Medicare Part C
When it comes to applying for Medicare or finding out what benefits are available to you, the options can be overwhelming. There are many factors at play – where you live, if you or a spouse are working and have coverage provided by work, and what plan/s your doctors accept.
For most users, Medicare comes in four parts. Part A covers hospital stays, skilled nursing facilities, and, in some situations, hospice care, and in-home care. Part B covers most doctor visits, outpatient therapies, urgent care visits, and durable medical equipment. Part D is the prescription drug plan.
Part C Benefits
Also known as Medicare Advantage Plans, Medicare Part C coverage provides users with all services covered by Original Medicare (Parts A and B) and often include extra benefits such as dental, vision, and more. Medicare Part C bundles Part A and Part B and usually Part D into one plan. Private insurance plans can offer Part C if they are approved to do so by Medicare.

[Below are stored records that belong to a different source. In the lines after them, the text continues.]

lemma dim_le_dim_Int_dual_card:
  fixes X :: "('n::finite \<Rightarrow> 'a::field) set"
  assumes "finite F" and "fv.subspace X"
  shows "fv.dim X \<le> fv.dim (X \<inter> dual F) + card F"
  using assms
proof (induction F rule: finite_induct)
  case empty
  then show ?case by (simp add: dual_def)
next
  case (insert w F)
  have "X \<inter> dual (insert w F) = (X \<inter> dual F) \<inter> dual {w}"
    unfolding dual_def by auto
  moreover have "fv.subspace (X \<inter> dual F)"
    using insert.prems subspace_dual fv.subspace_inter by blast
  ultimately have "fv.dim (X \<inter> dual F) \<le> fv.dim (X \<inter> dual (insert w F)) + 1"
    using dim_le_dim_Int_dual_singleton by metis
  then show ?case
    using insert by simp
qed

lemma dim_le_dim_Int_dual:
  fixes X S :: "('n::finite \<Rightarrow> 'a::field) set"
  assumes "fv.subspace X"
  shows "fv.dim X \<le> fv.dim (X \<inter> dual S) + fv.dim S"
proof -
  obtain G where G: "G \<subseteq> S" "fv.independent G" "S \<subseteq> fv.span G" "card G = fv.dim S"
    by (rule fv.basis_exists)
  have "dual G = dual S"
    using dual_antimono[OF G(1)] dual_antimono[OF G(3)] dual_span[of G] by blast
  then show ?thesis
    using dim_le_dim_Int_dual_card[OF fvd.finiteI_independent[OF G(2)] assms] G(4) by simp
qed

lemma dual_subset_0_imp_UNIV:
  fixes V :: "('n::finite \<Rightarrow> 'a::field) set"
  assumes "fv.subspace V" and "dual V \<subseteq> {0}"
  shows "V = UNIV"
proof (rule fvd.subspace_dim_equal)
  show "fv.dim (UNIV :: ('n \<Rightarrow> 'a) set) \<le> fv.dim V"
    using dim_le_dim_Int_dual[OF fv.subspace_UNIV, of V] assms(2)
    by (simp flip: fvd.dim_eq_0)
qed (use assms(1) fv.subspace_UNIV in auto)

lemma dim_Un_le:
  fixes S T :: "('n::finite \<Rightarrow> 'a::field) set"
  shows "fv.dim (S \<union> T) \<le> fv.dim S + fv.dim T"
proof -
  obtain GS where GS: "fv.independent GS" "S \<subseteq> fv.span GS" "card GS = fv.dim S"
    by (rule fv.basis_exists)
  obtain GT where GT: "fv.independent GT" "T \<subseteq> fv.span GT" "card GT = fv.dim T"
    by (rule fv.basis_exists)
  have "S \<union> T \<subseteq> fv.span (GS \<union> GT)"
    using GS(2) GT(2) fv.span_mono[of GS "GS \<union> GT"] fv.span_mono[of GT "GS \<union> GT"] by blast
  then have "fv.dim (S \<union> T) \<le> card (GS \<union> GT)"
    by (rule fv.dim_le_card) (simp add: fvd.finiteI_independent GS(1) GT(1))
  also have "\<dots> \<le> fv.dim S + fv.dim T"
    using card_Un_le[of GS GT] GS(3) GT(3) by simp
  finally show ?thesis .
qed

lemma dim_UN_le:
  fixes S :: "'i \<Rightarrow> ('n::finite \<Rightarrow> 'a::field) set"
  assumes "finite K"
  shows "fv.dim (\<Union>i\<in>K. S i) \<le> (\<Sum>i\<in>K. fv.dim (S i))"
  using assms
proof (induction K rule: finite_induct)
  case (insert k K)
  then show ?case
    using dim_Un_le[of "S k" "\<Union>i\<in>K. S i"] by simp
qed simp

In order to acquire Part C, there are a few requirements, including:
- You must live in an area that offers Part C plans. This is determined by which county you live in.
- You must be currently enrolled in Parts A and B.
- You must not currently have End-Stage Renal Disease (ESRD). However, if a patient develops ESRD after enrolling in Part C, they will not be dropped from the health plan. If this is the case with you or a loved one, talk to your Medicare insurance agent for other options available that might be better suited for that situation.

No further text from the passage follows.